DATA FOR REVIEW section start

lemma farness_eq_absorbed_sum:
  assumes c: "connected_graph V E" and D: "valid_D V E k D" and A: "valid_absorb V E D A \<rho>"
    and S: "S \<subseteq> V - D" "S \<noteq> {}"
  shows "farness V E S
    = (\<Sum>v\<in>V - A. alpha A \<rho> v * (gdist_set V E v S + 1) + gdist_set V E v S)"
proof -
  let ?g = "\<lambda>z. gdist_set V E z S"
  have fV: "finite V"
    using connected_graph_finite[OF c] .
  have AV: "A \<subseteq> V"
    using valid_absorb_subset[OF A] D unfolding valid_D_def by blast
  have fA: "finite A"
    using AV fV finite_subset by blast
  have "farness V E S = sum ?g (V - A) + sum ?g A"
    unfolding farness_def by (rule sum.subset_diff[OF AV fV])
  also have "sum ?g A = (\<Sum>w\<in>A. ?g (\<rho> w) + 1)"
    using gdist_set_absorbed[OF c A AV _ S] by simp
  also have "\<dots> = (\<Sum>u\<in>\<rho> ` A. \<Sum>w\<in>{w\<in>A. \<rho> w = u}. ?g u + 1)"
    by (subst sum.image_gen[OF fA]) (auto intro!: sum.cong)
  also have "\<dots> = (\<Sum>u\<in>\<rho> ` A. alpha A \<rho> u * (?g u + 1))"
    unfolding alpha_def by simp
  also have "\<dots> = (\<Sum>u\<in>V - A. alpha A \<rho> u * (?g u + 1))"
  proof (intro sum.mono_neutral_left ballI)
    fix u
    assume "u \<in> V - A - \<rho> ` A"
    then have "{w\<in>A. \<rho> w = u} = {}"
      by blast
    then show "alpha A \<rho> u * (?g u + 1) = 0"
      unfolding alpha_def by (metis card.empty mult_0)
  qed (use A fV in \<open>auto simp: valid_absorb_def\<close>)
  finally show ?thesis
    by (simp add: sum.distrib add.commute)
qed

lemma binary_sum_eq_1_obtains:
  fixes f :: "'b \<Rightarrow> nat"
  assumes "finite I" "\<forall>i\<in>I. f i \<in> {0, 1}" "sum f I = 1"
  obtains j where "j \<in> I" "f j = 1" "\<And>c. (\<Sum>i\<in>I. f i * c i) = c j"
proof -
  obtain j where j: "j \<in> I" "f j \<noteq> 0"
    using assms(3) by (metis sum.neutral zero_neq_one)
  then have "f j = 1"
    using assms(2) by auto
  moreover have "sum f I = f j + sum f (I - {j})"
    using sum.remove[OF assms(1) j(1)] .
  ultimately have "\<forall>i\<in>I - {j}. f i = 0"
    using assms(1,3) by simp
  then have "(\<Sum>i\<in>I. f i * c i) = c j" for c :: "'b \<Rightarrow> nat"
    using assms(1) j(1) \<open>f j = 1\<close> by (subst sum.remove[of _ j]) auto
  then show ?thesis
    using that j(1) \<open>f j = 1\<close> by blast
qed

definition induced_solution ::
  "'a set \<Rightarrow> ('a \<Rightarrow> 'a \<Rightarrow> bool) \<Rightarrow> 'a set \<Rightarrow> ('a \<Rightarrow> nat) \<Rightarrow> 'a \<Rightarrow> nat \<Rightarrow> nat" where
  "induced_solution V E S d v i = (if i = min (gdist_set V E v S) (d v) then 1 else 0)"

lemma induced_solution_0:
  assumes "connected_graph V E" "S \<subseteq> V" "S \<noteq> {}" "v \<in> V" "d v \<ge> 1"
  shows "induced_solution V E S d v 0 = (if v \<in> S then 1 else 0)"
  using gdist_set_eq_0_iff[OF assms(1,4,2,3)] assms(5)
  unfolding induced_solution_def by auto

lemma ilp_feasible_induced_solution:
  assumes c: "connected_graph V E" and S: "S \<subseteq> V - D" "S \<noteq> {}" "card S = k"
    and AD: "A \<subseteq> D" and d_pos: "\<forall>v\<in>V - A. d v \<ge> 1"
  shows "ilp_feasible V E k D A d (induced_solution V E S d)"
proof -
  let ?y = "induced_solution V E S d"
  have fV: "finite V"
    using connected_graph_finite[OF c] .
  have y0: "?y v 0 = (if v \<in> S then 1 else 0)" if "v \<in> V - D" for v
    using induced_solution_0[OF c _ S(2)] S(1) d_pos AD that by blast
  have "(\<Sum>v\<in>V - D. ?y v 0) = (\<Sum>v\<in>V - D. if v \<in> S then 1 else 0)"
    using y0 by simp
  also have "\<dots> = card S"
    using fV S(1) by (simp add: sum.If_cases Int_absorb1)
  finally have selected: "(\<Sum>v\<in>V - D. ?y v 0) = k"
    using S(3) by simp
  have covered: "?y v i \<le> (\<Sum>w\<in>{w\<in>V - D. gdist V E v w = i}. ?y w 0)"
    if i: "i \<in> {0..<d v}" for v i
  proof (cases "i = min (gdist_set V E v S) (d v)")
    case True
    obtain s where s: "s \<in> S" "gdist_set V E v S = gdist V E v s"
      using gdist_set_attained S(1,2) fV finite_subset by (metis Diff_subset)
    then have "s \<in> {w\<in>V - D. gdist V E v w = i}" and "?y s 0 = 1"
      using True i S(1) y0 by auto
    then have "1 \<le> (\<Sum>w\<in>{w\<in>V - D. gdist V E v w = i}. ?y w 0)"
      using fV member_le_sum[of s "{w\<in>V - D. gdist V E v w = i}" "\<lambda>w. ?y w 0"] by simp
    then show ?thesis
      using True by (simp add: induced_solution_def)
  qed (simp add: induced_solution_def)
  have binary: "?y v i \<in> {0, 1}" for v i
    by (simp add: induced_solution_def)
  have one_hot: "(\<Sum>i=0..d v. ?y v i) = 1" for v
    by (simp add: induced_solution_def)
  show ?thesis
    unfolding ilp_feasible_def using binary one_hot selected covered by blast
qed

lemma ilp_objective_induced_solution_le:
  assumes c: "connected_graph V E" and D: "valid_D V E k D" and A: "valid_absorb V E D A \<rho>"
    and S: "S \<subseteq> V - D" "S \<noteq> {}"
  shows "ilp_objective V A \<rho> d (induced_solution V E S d) \<le> farness V E S"
proof -
  let ?g = "\<lambda>v. gdist_set V E v S"
  have "ilp_objective V A \<rho> d (induced_solution V E S d)
      = (\<Sum>v\<in>V - A. alpha A \<rho> v * (min (?g v) (d v) + 1) + min (?g v) (d v))"
    unfolding ilp_objective_def induced_solution_def
    by (intro sum.cong refl) (simp add: if_distrib[of "\<lambda>a. a * _"] cong: if_cong)
  also have "\<dots> \<le> (\<Sum>v\<in>V - A. alpha A \<rho> v * (?g v + 1) + ?g v)"
    by (intro sum_mono add_mono mult_le_mono) auto
  also have "\<dots> = farness V E S"
    using farness_eq_absorbed_sum[OF c D A S] by simp
  finally show ?thesis .
qed

lemma ilp_feasible_binary_0:
  assumes "ilp_feasible V E k D A d x" "A \<subseteq> D" "v \<in> V - D"
  shows "x v 0 \<in> {0, 1}"
proof -
  have "v \<in> V - A" "0 \<in> {0..d v}"
    using assms(2,3) by auto
  then show ?thesis
    using assms(1) unfolding ilp_feasible_def by blast
qed

lemma card_ilp_selected:
  assumes fV: "finite V" and feas: "ilp_feasible V E k D A d x" and AD: "A \<subseteq> D"
  shows "card {v\<in>V - D. x v 0 = 1} = k"
proof -
  have "(\<Sum>v\<in>V - D. x v 0) = (\<Sum>v\<in>V - D. if x v 0 = 1 then 1 else 0)"
    using ilp_feasible_binary_0[OF feas AD] by (intro sum.cong) auto
  also have "\<dots> = card {v\<in>V - D. x v 0 = 1}"
    using fV by (simp add: sum.If_cases Int_def)
  finally show ?thesis
    using feas unfolding ilp_feasible_def by simp
qed

lemma gdist_set_ilp_selected_le:
  assumes c: "connected_graph V E" and feas: "ilp_feasible V E k D A d x" and AD: "A \<subseteq> D"
    and v: "v \<in> V - A" and j: "j \<le> d v" "x v j = 1"
    and sufficient: "x v (d v) = 0 \<or> d v \<ge> ecc V E v"
    and nonempty: "{w\<in>V - D. x w 0 = 1} \<noteq> {}"
  shows "gdist_set V E v {w\<in>V - D. x w 0 = 1} \<le> j"
proof (cases "j < d v")
  case True
  let ?W = "{w\<in>V - D. gdist V E v w = j}"
  have "x v j \<le> (\<Sum>w\<in>?W. x w 0)"
    using feas v True unfolding ilp_feasible_def by auto
  then have "1 \<le> (\<Sum>w\<in>?W. x w 0)"
    using j(2) by simp
  then have "(\<Sum>w\<in>?W. x w 0) \<noteq> 0"
    by linarith
  then obtain w where w: "w \<in> ?W" "x w 0 \<noteq> 0"
    by (meson sum.neutral)
  then have "x w 0 = 1"
    using ilp_feasible_binary_0[OF feas AD, of w] by auto
  moreover have "finite {w\<in>V - D. x w 0 = 1}"
    using connected_graph_finite[OF c] by simp
  ultimately show ?thesis
    using gdist_set_le[of _ w V E v] w by simp
next
  case False
  \<comment> \<open>x(v, d v) has no covering constraint; sufficiency takes its place.\<close>
  have "gdist_set V E v {w\<in>V - D. x w 0 = 1} \<le> ecc V E v"
    using gdist_set_le_ecc[OF c _ nonempty] by blast
  moreover have "ecc V E v \<le> d v"
    using False j sufficient by simp
  ultimately show ?thesis
    using False j(1) by simp
qed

DATA FOR REVIEW section end

* **WHAT YOU SHOULD DO**
Find the line that contains "then obtain w". Repeat it and every line after it, exactly as written, up to and including the last line of the records above.

* **OUTPUT FOR THIS EXERCISE**
  then obtain w where w: "w \<in> ?W" "x w 0 \<noteq> 0"
    by (meson sum.neutral)
  then have "x w 0 = 1"
    using ilp_feasible_binary_0[OF feas AD, of w] by auto
  moreover have "finite {w\<in>V - D. x w 0 = 1}"
    using connected_graph_finite[OF c] by simp
  ultimately show ?thesis
    using gdist_set_le[of _ w V E v] w by simp
next
  case False
  \<comment> \<open>x(v, d v) has no covering constraint; sufficiency takes its place.\<close>
  have "gdist_set V E v {w\<in>V - D. x w 0 = 1} \<le> ecc V E v"
    using gdist_set_le_ecc[OF c _ nonempty] by blast
  moreover have "ecc V E v \<le> d v"
    using False j sufficient by simp
  ultimately show ?thesis
    using False j(1) by simp
qed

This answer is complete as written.